─── Material for the task

definition blk :: "nat \<Rightarrow> (nat \<Rightarrow> nat) \<Rightarrow> nat \<Rightarrow> nat set" where
  "blk d mm i =
     (if i = 0 then {(\<Sum>j\<in>{1..d}. mm j) + 1 .. msum d mm + 1}
      else if i \<le> d then {1 + (\<Sum>j\<in>{1..<i}. mm j) .. (\<Sum>j\<in>{1..i}. mm j)}
      else if i = d + 1 then {msum d mm + 1}
      else {})"

definition Bset :: "nat \<Rightarrow> (nat \<Rightarrow> nat) \<Rightarrow> nat \<Rightarrow> nat set set" where
  "Bset d mm k = {w ` ({1..d+1} - {k}) | w. \<forall>j\<in>{1..d+1} - {k}. w j \<in> blk d mm j}"

definition multidigraph :: "nat set \<Rightarrow> 'e set \<Rightarrow> ('e \<Rightarrow> nat) \<Rightarrow> ('e \<Rightarrow> nat) \<Rightarrow> bool" where
  "multidigraph V E s t \<longleftrightarrow> finite E \<and> (\<forall>e\<in>E. s e \<in> V \<and> t e \<in> V \<and> s e \<noteq> t e)"

definition lap_off :: "'e set \<Rightarrow> ('e \<Rightarrow> nat) \<Rightarrow> ('e \<Rightarrow> nat) \<Rightarrow> ('e \<Rightarrow> 'a::comm_ring) \<Rightarrow> nat \<Rightarrow> nat \<Rightarrow> 'a" where
  "lap_off E s t \<pi> i j = (\<Sum>e\<in>{e\<in>E. s e = j \<and> t e = i}. \<pi> e)"

definition lap :: "nat set \<Rightarrow> 'e set \<Rightarrow> ('e \<Rightarrow> nat) \<Rightarrow> ('e \<Rightarrow> nat) \<Rightarrow> ('e \<Rightarrow> 'a::comm_ring) \<Rightarrow> nat \<Rightarrow> nat \<Rightarrow> 'a" where
  "lap V E s t \<pi> i j =
     (if i \<noteq> j then lap_off E s t \<pi> i j else - (\<Sum>k\<in>V - {i}. lap_off E s t \<pi> k i))"

definition augm :: "nat \<Rightarrow> (nat \<Rightarrow> nat \<Rightarrow> 'a) \<Rightarrow> (nat \<Rightarrow> 'a) \<Rightarrow> nat \<Rightarrow> nat \<Rightarrow> 'a" where
  "augm m A b l j = (if j = m + 1 then b l else A l j)"

definition Fset :: "nat \<Rightarrow> (nat \<Rightarrow> nat) \<Rightarrow> (nat \<Rightarrow> nat) \<Rightarrow> nat set" where
  "Fset d mm jj = jj ` {1..d} \<union> {msum d mm + 1}"

definition A_compatible ::
  "nat \<Rightarrow> (nat \<Rightarrow> nat) \<Rightarrow> (nat \<Rightarrow> nat \<Rightarrow> 'a::comm_ring) \<Rightarrow> (nat \<Rightarrow> 'a) \<Rightarrow> (nat \<Rightarrow> nat)
   \<Rightarrow> 'e set \<Rightarrow> ('e \<Rightarrow> nat) \<Rightarrow> ('e \<Rightarrow> nat) \<Rightarrow> ('e \<Rightarrow> 'a) \<Rightarrow> bool" where
  "A_compatible d mm A b jj E s t \<pi> \<longleftrightarrow>
     (\<forall>e\<in>E. \<forall>i\<in>{0..d}. \<forall>j\<in>{1..d}. i \<noteq> j \<longrightarrow> \<not> (s e \<in> blk d mm i \<and> t e \<in> blk d mm j)) \<and>
     (\<forall>l\<in>{1..msum d mm + 1} - Fset d mm jj. \<forall>j\<in>{1..msum d mm + 1}.
        lap {1..msum d mm + 1} E s t \<pi> l j = augm (msum d mm) A b l j)"

definition chain :: "('e \<Rightarrow> nat) \<Rightarrow> ('e \<Rightarrow> nat) \<Rightarrow> 'e list \<Rightarrow> bool" where
  "chain s t es \<longleftrightarrow> (\<forall>k. Suc k < length es \<longrightarrow> t (es ! k) = s (es ! Suc k))"

definition dpath :: "('e \<Rightarrow> nat) \<Rightarrow> ('e \<Rightarrow> nat) \<Rightarrow> 'e set \<Rightarrow> nat \<Rightarrow> 'e list \<Rightarrow> nat \<Rightarrow> bool" where
  "dpath s t S u es v \<longleftrightarrow> set es \<subseteq> S \<and> chain s t es \<and> distinct (u # map t es) \<and>
     (if es = [] then u = v else s (hd es) = u \<and> t (last es) = v)"

definition dcycle :: "('e \<Rightarrow> nat) \<Rightarrow> ('e \<Rightarrow> nat) \<Rightarrow> 'e set \<Rightarrow> 'e list \<Rightarrow> bool" where
  "dcycle s t S es \<longleftrightarrow> es \<noteq> [] \<and> set es \<subseteq> S \<and> chain s t es \<and>
     t (last es) = s (hd es) \<and> distinct (map s es)"

definition Eneg :: "'e set \<Rightarrow> ('e \<Rightarrow> 'a::ordered_comm_ring) \<Rightarrow> 'e set" where
  "Eneg E \<pi> = {e\<in>E. \<pi> e < 0}"

definition Epos :: "'e set \<Rightarrow> ('e \<Rightarrow> 'a::ordered_comm_ring) \<Rightarrow> 'e set" where
  "Epos E \<pi> = {e\<in>E. \<pi> e > 0}"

──────

> Exercise: Taking the listing as a whole, count how many of its lines contain the word "then", and reply with that count alone.

> Response area: 6